**Task objective:** Every line of the records below from the line with "letters of \<open>w\<close>: all" up to and including the line with "w k \<longleftrightarrow>" must be reproduced exactly, and no line outside that range.

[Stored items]
Content starts
(* The set of infinite words accepted by $\widehat{\mathcal{T}_{p/q}}$ is the topological closure (in $B^{\omega}$ with the product topology) of the set of span-words $\{M_n\ominus\mu_n : n\in\mathbb{N}\}$.
   Context: Let $p>q>1$ be coprime integers, $A_p=\{0,\dots,p-1\}$, $A_q=\{0,\dots,q-1\}$ and $B=\{p-(2q-1),\dots,p-1\}$. For $n\in\mathbb{N}$ and $a\in\mathbb{Z}$, let $\tau(n,a)=\frac{np+a}{q}$, defined only when $q$ divides $np+a$. Let $\mathcal{T}_{p/q}$ be the deterministic automaton with state set $\mathbb{N}$, alphabet $A_p$, initial state $0$, and transitions $n\xrightarrow{a}\tau(n,a)$ for $a\in A_p$ with $\tau(n,a)$ defined. The minimal word $\mu_n\in A_q^{\omega}$ (resp. maximal word $M_n\in\{p-q,\dots,p-1\}^{\omega}$) is the unique infinite word over $A_q$ (resp. over $\{p-q,\dots,p-1\}$) labelling a path of $\mathcal{T}_{p/q}$ starting at $n$. The span-word of $n$ is $M_n\ominus\mu_n$, with $\ominus$ letter-wise subtraction. Let $\widehat{\mathcal{T}_{p/q}}$ be the deterministic automaton with state set $\mathbb{N}$, alphabet $B$, initial state $0$, and transitions $n\xrightarrow{a}\tau(n,a)$ for $a\in B$ with $\tau(n,a)$ defined; an infinite word is accepted if each of its finite prefixes labels a path from $0$. *)

theory Defs
  imports "HOL-Analysis.Analysis"
begin

text \<open>Letters and states are integers; the state set of the automata is \<open>\<nat>\<close>,
  i.e. the nonnegative integers. Infinite words are functions \<open>nat \<Rightarrow> int\<close>.\<close>

definition Aq :: "int \<Rightarrow> int set" where
  "Aq q = {0..q-1}"

definition Amax :: "int \<Rightarrow> int \<Rightarrow> int set" where
  "Amax p q = {p-q..p-1}"

definition Bset :: "int \<Rightarrow> int \<Rightarrow> int set" where
  "Bset p q = {p-(2*q-1)..p-1}"

text \<open>A run (state sequence) of \<open>T_{p/q}\<close> starting at \<open>n\<close> labelled by the first \<open>k\<close>
  letters of \<open>w\<close>: all states lie in \<open>\<nat>\<close> and each step is the transition
  \<open>s i --(w i)--> (p * s i + w i) / q\<close>, which is defined only when \<open>q\<close> divides
  \<open>p * s i + w i\<close>.\<close>
definition finite_path :: "int \<Rightarrow> int \<Rightarrow> int \<Rightarrow> (nat \<Rightarrow> int) \<Rightarrow> nat \<Rightarrow> bool" where
  "finite_path p q n w k \<longleftrightarrow>
     (\<exists>s::nat \<Rightarrow> int. s 0 = n \<and> (\<forall>i\<le>k. s i \<ge> 0) \<and>
        (\<forall>i<k. q * s (Suc i) = p * s i + w i))"

definition infinite_path :: "int \<Rightarrow> int \<Rightarrow> int \<Rightarrow> (nat \<Rightarrow> int) \<Rightarrow> bool" where
  "infinite_path p q n w \<longleftrightarrow>
     (\<exists>s::nat \<Rightarrow> int. s 0 = n \<and> (\<forall>i. s i \<ge> 0) \<and>
        (\<forall>i. q * s (Suc i) = p * s i + w i))"

definition min_word :: "int \<Rightarrow> int \<Rightarrow> int \<Rightarrow> (nat \<Rightarrow> int)" where
  "min_word p q n = (THE w. (\<forall>i. w i \<in> Aq q) \<and> infinite_path p q n w)"

definition max_word :: "int \<Rightarrow> int \<Rightarrow> int \<Rightarrow> (nat \<Rightarrow> int)" where
  "max_word p q n = (THE w. (\<forall>i. w i \<in> Amax p q) \<and> infinite_path p q n w)"

definition span_word :: "int \<Rightarrow> int \<Rightarrow> int \<Rightarrow> (nat \<Rightarrow> int)" where
  "span_word p q n = (\<lambda>i. max_word p q n i - min_word p q n i)"

definition accepted_hat :: "int \<Rightarrow> int \<Rightarrow> (nat \<Rightarrow> int) set" where
  "accepted_hat p q = {w. (\<forall>i. w i \<in> Bset p q) \<and> (\<forall>k. finite_path p q 0 w k)}"

definition Bomega_top :: "int \<Rightarrow> int \<Rightarrow> (nat \<Rightarrow> int) topology" where
  "Bomega_top p q = product_topology (\<lambda>_. discrete_topology (Bset p q)) UNIV"

end

theory Submission
  imports Defs
begin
Content ends
**Response to the exercise:**
  letters of \<open>w\<close>: all states lie in \<open>\<nat>\<close> and each step is the transition
  \<open>s i --(w i)--> (p * s i + w i) / q\<close>, which is defined only when \<open>q\<close> divides
  \<open>p * s i + w i\<close>.\<close>
definition finite_path :: "int \<Rightarrow> int \<Rightarrow> int \<Rightarrow> (nat \<Rightarrow> int) \<Rightarrow> nat \<Rightarrow> bool" where
  "finite_path p q n w k \<longleftrightarrow>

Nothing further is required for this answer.